Это понятие вменяемости - в смысле "способности к вменению" (моральному и юридическому) - образует ключ, необходимый для того, чтобы понять последующие старания Канта сохранить двойную - космологическую и этическую - артикуляцию термина вменения (как мы видели, обыденный язык отмечен ею до сих пор) как суждения, приписывающего кому-либо порицаемое действие как его подлинному виновнику. Сила идеи вменения у самого Канта состоит в сочетании двух более простых идей: приписывания действия некоему действователю и моральной, как правило, негативной квалификации этого действия. В "Метафизике нравов" Zurechnung (imputatio) в моральном значении определяется как "суждение, в котором кто-то рассматривается как виновник Urheber (causa libera)[ix] поступка (Handlung), называющегося в этом случае Tat (factum) и подчиняющегося законам". Эта дефиниция остается неизменной в "Учении о праве":

Действием (Tat) называется поступок в том случае, если он подчинен законам обязательности, и следовательно, если субъект рассматривается в этой обязательности в соответствии со свободой его произвола. Действующее лицо рассматривается благодаря такому акту как причина (Urheber) результата (Wirkung), и этот последний вместе с самим поступком может быть ему


вменен, если до этого известен закон, по которому на него налагается какая-то обязательность... Лицо - это тот субъект, чьи поступки могут быть ему вменены. Вещь - это предмет, которому ничто не может быть вменено[13].

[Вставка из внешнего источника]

(* For a poset $P$ on $\{1,2,\ldots,n\}$ and field $k$, the following are equivalent: (i) $I^{\mathfrak{gr}}_P=I_P$ and $\mathfrak{gr}(R_P)\cong R_P$; (ii) the toric ideal $I_P=\ker(\varphi:S\to R_P)$ is homogeneous for the standard $\mathbb{N}$-grading of $S$ in which each $U_J$ has degree one; (iii) every pair $\{J_1,J_2\}$ of connected order ideals of $P$ that intersects nontrivially has $J_1\cap J_2$ connected.
   Context: All posets are finite. A weak $P$-partition is $f:\{1,\ldots,n\}\to\mathbb{N}$ with $f(i)\ge f(j)$ whenever $i<_Pj$; $R_P\subseteq k[x_1,\ldots,x_n]$ is the span of $\mathbf{x}^f=\prod_ix_i^{f(i)}$ over weak $P$-partitions; $\mathfrak{m}$ is spanned by the $\mathbf{x}^f$ with $f\ne0$; $\mathfrak{gr}(R_P)=\bigoplus_i\mathfrak{m}^i/\mathfrak{m}^{i+1}$. A connected order ideal is a nonempty downward-closed subset whose induced Hasse diagram is connected; $\mathcal{J}_{\mathrm{conn}}(P)$ is the set of these; two of them intersect nontrivially if neither disjoint nor nested; $\Pi(P)$ is the set of such pairs. $S=k[U_J]_{J\in\mathcal{J}_{\mathrm{conn}}(P)}$; $\varphi:S\to R_P$, $U_J\mapsto\prod_{j\in J}x_j$, and $\mathfrak{gr}(\varphi):S\to\mathfrak{gr}(R_P)$ sends $U_J$ to the class of $\prod_{j\in J}x_j$ in $\mathfrak{m}/\mathfrak{m}^2$. $I_P=\ker\varphi$ is generated by $U_{J_1}U_{J_2}-U_{J_1\cup J_2}U_{J^{(1)}}\cdots U_{J^{(t)}}$ ($\{J_1,J_2\}\in\Pi(P)$, $J^{(1)},\ldots,J^{(t)}$ the connected components of $J_1\cap J_2$), and $I^{\mathfrak{gr}}_P=\ker\mathfrak{gr}(\varphi)$ is generated by $U_{J_1}U_{J_2}-U_{J_1\cup J_2}U_{J_1\cap J_2}$ when $J_1\cap J_2$ is connected and $U_{J_1}U_{J_2}$ when disconnected, over $\{J_1,J_2\}\in\Pi(P)$. *)

theory Defs
  imports "HOL-Library.Poly_Mapping" "HOL-Algebra.QuotRing"
begin

text \<open>A poset on {1..n} is a relation R with partial_order_on {1..n} R;
  (i,j) in R means i <=_P j.\<close>

definition strict_le :: "nat rel \<Rightarrow> nat \<Rightarrow> nat \<Rightarrow> bool" where
  "strict_le R i j \<longleftrightarrow> (i, j) \<in> R \<and> i \<noteq> j"
text \<open>
  The function \<open>g(z) = E f(z + \<xi>)\<close> is holomorphic by differentiation under the integral sign:
  near a point \<open>z\<^sub>0\<close> the difference quotients of \<open>f(\<cdot> + \<xi>)\<close> are bounded by a Lipschitz constant of
  \<open>f\<close> on a closed disc inside its domain, so dominated convergence applies. For the modulus
  \<open>d\<close>, fix \<open>x \<noteq> y\<close> in \<open>[-R, R]\<close>: the function \<open>\<psi>(s) = f(x + s) - f(y + s)\<close> satisfies
  \<open>|\<psi>(s)| \<ge> d(f)|x - y|\<close> on \<open>[-r, r]\<close>, so for \<open>d(f) > 0\<close> it has constant sign there and
  \<open>|g(x) - g(y)| = |E \<psi>(\<xi>)| \<ge> d(f)|x - y|\<close>.

  The noise decomposes as \<open>\<delta>\<^sub>i = \<Phi>\<^sub>i(\<xi>\<^sub>i) + \<epsilon>\<^sub>i\<close> with \<open>\<Phi>\<^sub>i(s) = f(x\<^sub>i + s) - g(x\<^sub>i)\<close> bounded,
  and centred because the \<open>\<xi>\<^sub>i\<close> are identically distributed. Hoeffding's inequality makes
  \<open>a\<^sup>T\<Phi>(\<xi>)\<close> sub-Gaussian, and a union bound at level \<open>t/2\<close> adds its tail to that of \<open>a\<^sup>T\<epsilon>\<close>.
  If \<open>\<epsilon>\<close> is bounded, Hoeffding's inequality applies to \<open>\<delta>\<close> directly and gives the constant 2.
\<close>

section \<open>Differentiation under the integral sign\<close>

lemma borel_measurable_continuous_on_comp:
  fixes f :: "'b::topological_space \<Rightarrow> 'c::topological_space"
  assumes "continuous_on S f" and "X \<in> borel_measurable M" and "\<And>\<omega>. \<omega> \<in> space M \<Longrightarrow> X \<omega> \<in> S"
  shows "(\<lambda>\<omega>. f (X \<omega>)) \<in> borel_measurable M"
proof -
  have "X \<in> measurable M (restrict_space borel S)"
    using assms(2,3) by (intro measurable_restrict_space2) auto
  from measurable_compose[OF this borel_measurable_continuous_on_restrict[OF assms(1)]]
  show ?thesis .
qed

Но если мы хотим докопаться до корней этого космологоэтического образования идей вменения и вменяемости у Канта, то надо начинать не с "Метафизики нравов" и не с "Критики практического разума", а еще меньше - с "Учения о праве", но с "Критики чистого разума" и переходить прямо к третьей "космологической антиномии" "Трансцендентальной диалектики", где понятие вменения помещено в апоретическую ситуацию, откуда его поистине никогда невозможно изъять.

Нам известны термины формулировки этой антиномии.

Тезис:

Причинность по законам природы есть не единственная причинность, из которой можно вывести все явления в мире. Для объяснения явлений необходимо еще допустить свободную причинность.

Антитезис:

Нет никакой свободы, все совершается только по законам природы. [Кант, Критика чистого разума, М. 1994, С. 278-279].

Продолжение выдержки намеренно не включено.